• **Problem requirements**
Filter the entries for lines with the word "else".
+ + + + + + +
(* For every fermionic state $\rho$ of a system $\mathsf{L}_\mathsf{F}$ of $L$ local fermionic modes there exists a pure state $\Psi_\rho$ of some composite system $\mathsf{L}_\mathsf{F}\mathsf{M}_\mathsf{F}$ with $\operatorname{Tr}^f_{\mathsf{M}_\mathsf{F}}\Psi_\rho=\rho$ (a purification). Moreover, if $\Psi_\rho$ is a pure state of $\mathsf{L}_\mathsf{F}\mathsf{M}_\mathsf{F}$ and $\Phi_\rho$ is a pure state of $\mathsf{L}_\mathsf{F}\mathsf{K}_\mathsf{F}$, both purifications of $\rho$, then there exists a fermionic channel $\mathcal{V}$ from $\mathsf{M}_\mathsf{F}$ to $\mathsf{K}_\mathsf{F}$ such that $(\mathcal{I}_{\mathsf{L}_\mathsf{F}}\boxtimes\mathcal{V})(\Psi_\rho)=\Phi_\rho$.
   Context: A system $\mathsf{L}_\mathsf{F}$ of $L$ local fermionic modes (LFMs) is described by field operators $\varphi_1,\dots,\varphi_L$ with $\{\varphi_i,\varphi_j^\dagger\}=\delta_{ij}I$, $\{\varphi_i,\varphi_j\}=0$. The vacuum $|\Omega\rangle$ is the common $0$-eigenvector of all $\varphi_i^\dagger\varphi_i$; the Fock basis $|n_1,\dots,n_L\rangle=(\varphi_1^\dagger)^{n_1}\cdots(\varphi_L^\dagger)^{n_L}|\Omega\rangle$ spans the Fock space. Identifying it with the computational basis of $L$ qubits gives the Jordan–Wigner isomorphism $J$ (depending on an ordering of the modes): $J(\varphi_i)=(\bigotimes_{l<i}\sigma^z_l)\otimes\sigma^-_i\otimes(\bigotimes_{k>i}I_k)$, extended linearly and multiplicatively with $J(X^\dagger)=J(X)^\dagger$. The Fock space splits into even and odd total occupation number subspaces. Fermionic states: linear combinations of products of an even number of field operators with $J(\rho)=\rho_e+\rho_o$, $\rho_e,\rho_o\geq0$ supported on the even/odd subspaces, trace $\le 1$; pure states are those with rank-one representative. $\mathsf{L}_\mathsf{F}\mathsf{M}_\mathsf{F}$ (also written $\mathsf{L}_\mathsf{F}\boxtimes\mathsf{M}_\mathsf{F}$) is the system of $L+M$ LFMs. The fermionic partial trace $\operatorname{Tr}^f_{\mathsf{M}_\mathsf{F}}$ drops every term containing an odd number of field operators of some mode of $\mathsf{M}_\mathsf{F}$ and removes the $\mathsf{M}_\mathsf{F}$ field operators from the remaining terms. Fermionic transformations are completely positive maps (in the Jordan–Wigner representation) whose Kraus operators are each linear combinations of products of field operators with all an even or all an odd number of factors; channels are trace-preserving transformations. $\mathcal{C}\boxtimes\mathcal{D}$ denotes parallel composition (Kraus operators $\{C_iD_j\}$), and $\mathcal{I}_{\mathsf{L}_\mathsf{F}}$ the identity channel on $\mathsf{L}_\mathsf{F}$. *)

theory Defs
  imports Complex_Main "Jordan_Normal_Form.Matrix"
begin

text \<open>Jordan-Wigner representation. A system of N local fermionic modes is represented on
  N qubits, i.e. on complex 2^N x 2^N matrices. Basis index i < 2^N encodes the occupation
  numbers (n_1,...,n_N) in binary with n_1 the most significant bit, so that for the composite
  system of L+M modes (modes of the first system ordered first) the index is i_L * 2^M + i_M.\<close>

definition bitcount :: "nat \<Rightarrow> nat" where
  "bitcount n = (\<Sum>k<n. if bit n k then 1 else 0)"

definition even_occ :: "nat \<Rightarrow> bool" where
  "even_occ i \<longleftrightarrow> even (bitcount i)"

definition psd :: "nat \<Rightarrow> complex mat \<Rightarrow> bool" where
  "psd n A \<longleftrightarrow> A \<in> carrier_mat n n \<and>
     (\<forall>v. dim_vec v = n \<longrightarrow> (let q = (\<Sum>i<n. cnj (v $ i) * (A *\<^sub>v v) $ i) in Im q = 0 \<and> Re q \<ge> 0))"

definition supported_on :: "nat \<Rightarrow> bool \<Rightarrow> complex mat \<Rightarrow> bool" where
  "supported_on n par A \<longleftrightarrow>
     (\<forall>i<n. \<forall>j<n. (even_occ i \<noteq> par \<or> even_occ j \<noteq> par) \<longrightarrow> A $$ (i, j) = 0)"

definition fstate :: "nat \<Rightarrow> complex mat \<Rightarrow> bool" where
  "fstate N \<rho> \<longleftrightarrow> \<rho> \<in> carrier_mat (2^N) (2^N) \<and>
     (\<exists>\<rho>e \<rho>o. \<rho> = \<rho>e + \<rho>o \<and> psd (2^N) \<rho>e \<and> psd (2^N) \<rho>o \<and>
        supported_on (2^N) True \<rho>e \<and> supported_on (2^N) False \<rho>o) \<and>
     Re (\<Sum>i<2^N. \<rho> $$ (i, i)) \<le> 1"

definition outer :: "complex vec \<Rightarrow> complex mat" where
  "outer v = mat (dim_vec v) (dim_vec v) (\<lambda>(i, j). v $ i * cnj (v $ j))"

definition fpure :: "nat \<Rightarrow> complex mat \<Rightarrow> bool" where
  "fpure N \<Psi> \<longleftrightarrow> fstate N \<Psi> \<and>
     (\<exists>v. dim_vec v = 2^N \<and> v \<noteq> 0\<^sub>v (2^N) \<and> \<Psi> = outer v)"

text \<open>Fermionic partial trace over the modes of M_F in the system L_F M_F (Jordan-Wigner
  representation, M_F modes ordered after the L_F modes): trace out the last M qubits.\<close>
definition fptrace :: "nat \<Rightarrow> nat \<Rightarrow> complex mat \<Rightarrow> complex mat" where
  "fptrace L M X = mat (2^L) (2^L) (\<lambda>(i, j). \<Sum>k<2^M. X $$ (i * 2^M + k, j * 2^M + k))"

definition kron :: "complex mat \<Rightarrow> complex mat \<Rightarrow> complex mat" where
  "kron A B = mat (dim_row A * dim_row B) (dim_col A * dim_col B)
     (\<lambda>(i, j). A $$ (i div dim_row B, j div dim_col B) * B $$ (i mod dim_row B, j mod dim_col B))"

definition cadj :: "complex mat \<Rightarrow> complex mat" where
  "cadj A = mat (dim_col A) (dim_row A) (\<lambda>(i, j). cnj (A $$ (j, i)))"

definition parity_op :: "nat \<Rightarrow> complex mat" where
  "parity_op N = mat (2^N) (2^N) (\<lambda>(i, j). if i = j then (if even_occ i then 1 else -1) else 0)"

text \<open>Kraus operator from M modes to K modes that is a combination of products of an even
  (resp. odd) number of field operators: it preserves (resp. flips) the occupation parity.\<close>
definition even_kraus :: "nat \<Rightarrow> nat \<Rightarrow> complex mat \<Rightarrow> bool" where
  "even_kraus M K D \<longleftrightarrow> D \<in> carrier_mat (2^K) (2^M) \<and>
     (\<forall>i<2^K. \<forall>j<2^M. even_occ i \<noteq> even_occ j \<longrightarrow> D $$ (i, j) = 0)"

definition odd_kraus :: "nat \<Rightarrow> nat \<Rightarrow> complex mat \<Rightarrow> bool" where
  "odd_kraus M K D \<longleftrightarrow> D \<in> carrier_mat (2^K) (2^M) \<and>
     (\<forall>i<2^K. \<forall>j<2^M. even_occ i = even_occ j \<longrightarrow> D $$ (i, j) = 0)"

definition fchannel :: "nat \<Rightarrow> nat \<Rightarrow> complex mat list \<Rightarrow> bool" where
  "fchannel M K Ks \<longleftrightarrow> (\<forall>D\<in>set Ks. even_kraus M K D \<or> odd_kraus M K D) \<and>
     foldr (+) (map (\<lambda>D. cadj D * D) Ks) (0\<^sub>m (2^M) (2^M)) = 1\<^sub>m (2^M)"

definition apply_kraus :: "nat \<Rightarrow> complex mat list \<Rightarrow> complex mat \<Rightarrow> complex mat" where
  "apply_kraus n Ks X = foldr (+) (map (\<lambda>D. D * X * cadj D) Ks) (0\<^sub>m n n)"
+ + + + + + +
• **Exercise result**
  "bitcount n = (\<Sum>k<n. if bit n k then 1 else 0)"
  "parity_op N = mat (2^N) (2^N) (\<lambda>(i, j). if i = j then (if even_occ i then 1 else -1) else 0)"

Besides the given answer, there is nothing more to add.